Assignment:
If a line in the entries below contains "finally", copy it.

Raw data:
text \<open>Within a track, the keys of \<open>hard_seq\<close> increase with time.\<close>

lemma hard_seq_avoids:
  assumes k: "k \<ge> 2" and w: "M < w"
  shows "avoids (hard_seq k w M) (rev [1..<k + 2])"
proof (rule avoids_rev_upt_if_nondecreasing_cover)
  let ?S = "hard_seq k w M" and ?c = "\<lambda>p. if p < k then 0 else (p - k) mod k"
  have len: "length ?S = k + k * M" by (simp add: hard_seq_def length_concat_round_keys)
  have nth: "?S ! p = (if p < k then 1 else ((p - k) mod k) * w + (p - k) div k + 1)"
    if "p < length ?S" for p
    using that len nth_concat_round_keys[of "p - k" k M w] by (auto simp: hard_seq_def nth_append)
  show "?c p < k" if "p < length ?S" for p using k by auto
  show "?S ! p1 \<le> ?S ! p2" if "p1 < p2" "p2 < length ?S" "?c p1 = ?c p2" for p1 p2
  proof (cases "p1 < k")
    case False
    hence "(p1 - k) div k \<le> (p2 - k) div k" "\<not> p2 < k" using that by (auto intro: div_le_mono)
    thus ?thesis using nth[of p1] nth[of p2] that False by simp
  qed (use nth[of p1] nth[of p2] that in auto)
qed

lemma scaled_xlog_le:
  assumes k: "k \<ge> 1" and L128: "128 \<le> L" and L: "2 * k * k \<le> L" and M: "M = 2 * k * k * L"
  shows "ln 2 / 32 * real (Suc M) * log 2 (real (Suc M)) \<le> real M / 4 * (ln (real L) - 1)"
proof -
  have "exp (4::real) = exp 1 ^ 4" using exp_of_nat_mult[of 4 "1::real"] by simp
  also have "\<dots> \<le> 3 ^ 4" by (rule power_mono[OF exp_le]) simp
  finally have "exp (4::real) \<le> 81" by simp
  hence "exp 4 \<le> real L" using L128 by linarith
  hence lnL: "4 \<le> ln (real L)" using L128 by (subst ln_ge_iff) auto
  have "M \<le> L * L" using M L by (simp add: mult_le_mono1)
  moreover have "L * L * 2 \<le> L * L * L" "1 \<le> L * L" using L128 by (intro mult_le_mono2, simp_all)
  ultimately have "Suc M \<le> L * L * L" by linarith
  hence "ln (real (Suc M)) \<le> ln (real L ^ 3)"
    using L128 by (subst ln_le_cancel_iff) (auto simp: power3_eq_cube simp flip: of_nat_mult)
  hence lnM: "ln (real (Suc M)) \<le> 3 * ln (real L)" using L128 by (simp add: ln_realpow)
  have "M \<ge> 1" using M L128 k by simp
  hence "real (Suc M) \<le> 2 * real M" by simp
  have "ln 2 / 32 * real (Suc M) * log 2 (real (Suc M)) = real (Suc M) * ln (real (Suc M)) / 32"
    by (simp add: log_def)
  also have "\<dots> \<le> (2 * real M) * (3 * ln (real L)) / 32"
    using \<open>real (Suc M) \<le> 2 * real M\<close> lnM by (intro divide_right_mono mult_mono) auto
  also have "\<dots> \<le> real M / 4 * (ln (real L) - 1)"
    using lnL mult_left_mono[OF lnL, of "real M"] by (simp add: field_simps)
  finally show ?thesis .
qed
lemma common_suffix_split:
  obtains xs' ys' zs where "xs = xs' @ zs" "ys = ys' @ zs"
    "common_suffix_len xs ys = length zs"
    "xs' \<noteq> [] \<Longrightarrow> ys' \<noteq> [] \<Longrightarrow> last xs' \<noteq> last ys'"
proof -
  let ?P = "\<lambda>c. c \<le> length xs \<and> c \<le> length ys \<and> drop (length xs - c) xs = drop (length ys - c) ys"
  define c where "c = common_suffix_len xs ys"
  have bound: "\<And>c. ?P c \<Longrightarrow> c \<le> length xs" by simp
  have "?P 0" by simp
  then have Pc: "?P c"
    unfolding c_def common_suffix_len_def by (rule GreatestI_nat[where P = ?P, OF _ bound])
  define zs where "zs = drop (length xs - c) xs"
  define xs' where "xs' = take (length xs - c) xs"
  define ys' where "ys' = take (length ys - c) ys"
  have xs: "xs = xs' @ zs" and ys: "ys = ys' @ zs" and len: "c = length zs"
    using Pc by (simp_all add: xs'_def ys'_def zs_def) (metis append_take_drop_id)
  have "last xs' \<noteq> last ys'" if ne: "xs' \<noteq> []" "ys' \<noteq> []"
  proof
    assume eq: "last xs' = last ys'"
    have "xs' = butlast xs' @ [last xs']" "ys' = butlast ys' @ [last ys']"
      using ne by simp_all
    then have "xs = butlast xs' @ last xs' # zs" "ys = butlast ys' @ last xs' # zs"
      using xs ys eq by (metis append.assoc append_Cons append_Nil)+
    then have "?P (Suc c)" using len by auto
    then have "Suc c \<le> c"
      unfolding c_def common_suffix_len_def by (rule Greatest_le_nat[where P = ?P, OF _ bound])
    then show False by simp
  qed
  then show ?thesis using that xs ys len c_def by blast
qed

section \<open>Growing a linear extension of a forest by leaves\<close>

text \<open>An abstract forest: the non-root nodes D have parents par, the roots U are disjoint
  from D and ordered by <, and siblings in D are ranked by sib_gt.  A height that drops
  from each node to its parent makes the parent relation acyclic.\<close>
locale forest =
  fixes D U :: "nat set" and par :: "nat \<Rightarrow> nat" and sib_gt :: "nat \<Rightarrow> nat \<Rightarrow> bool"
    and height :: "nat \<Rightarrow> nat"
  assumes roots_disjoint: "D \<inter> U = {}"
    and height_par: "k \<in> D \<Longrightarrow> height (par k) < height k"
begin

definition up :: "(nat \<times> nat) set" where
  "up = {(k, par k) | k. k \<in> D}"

Problem solution:
  finally have "exp (4::real) \<le> 81" by simp
  finally show ?thesis .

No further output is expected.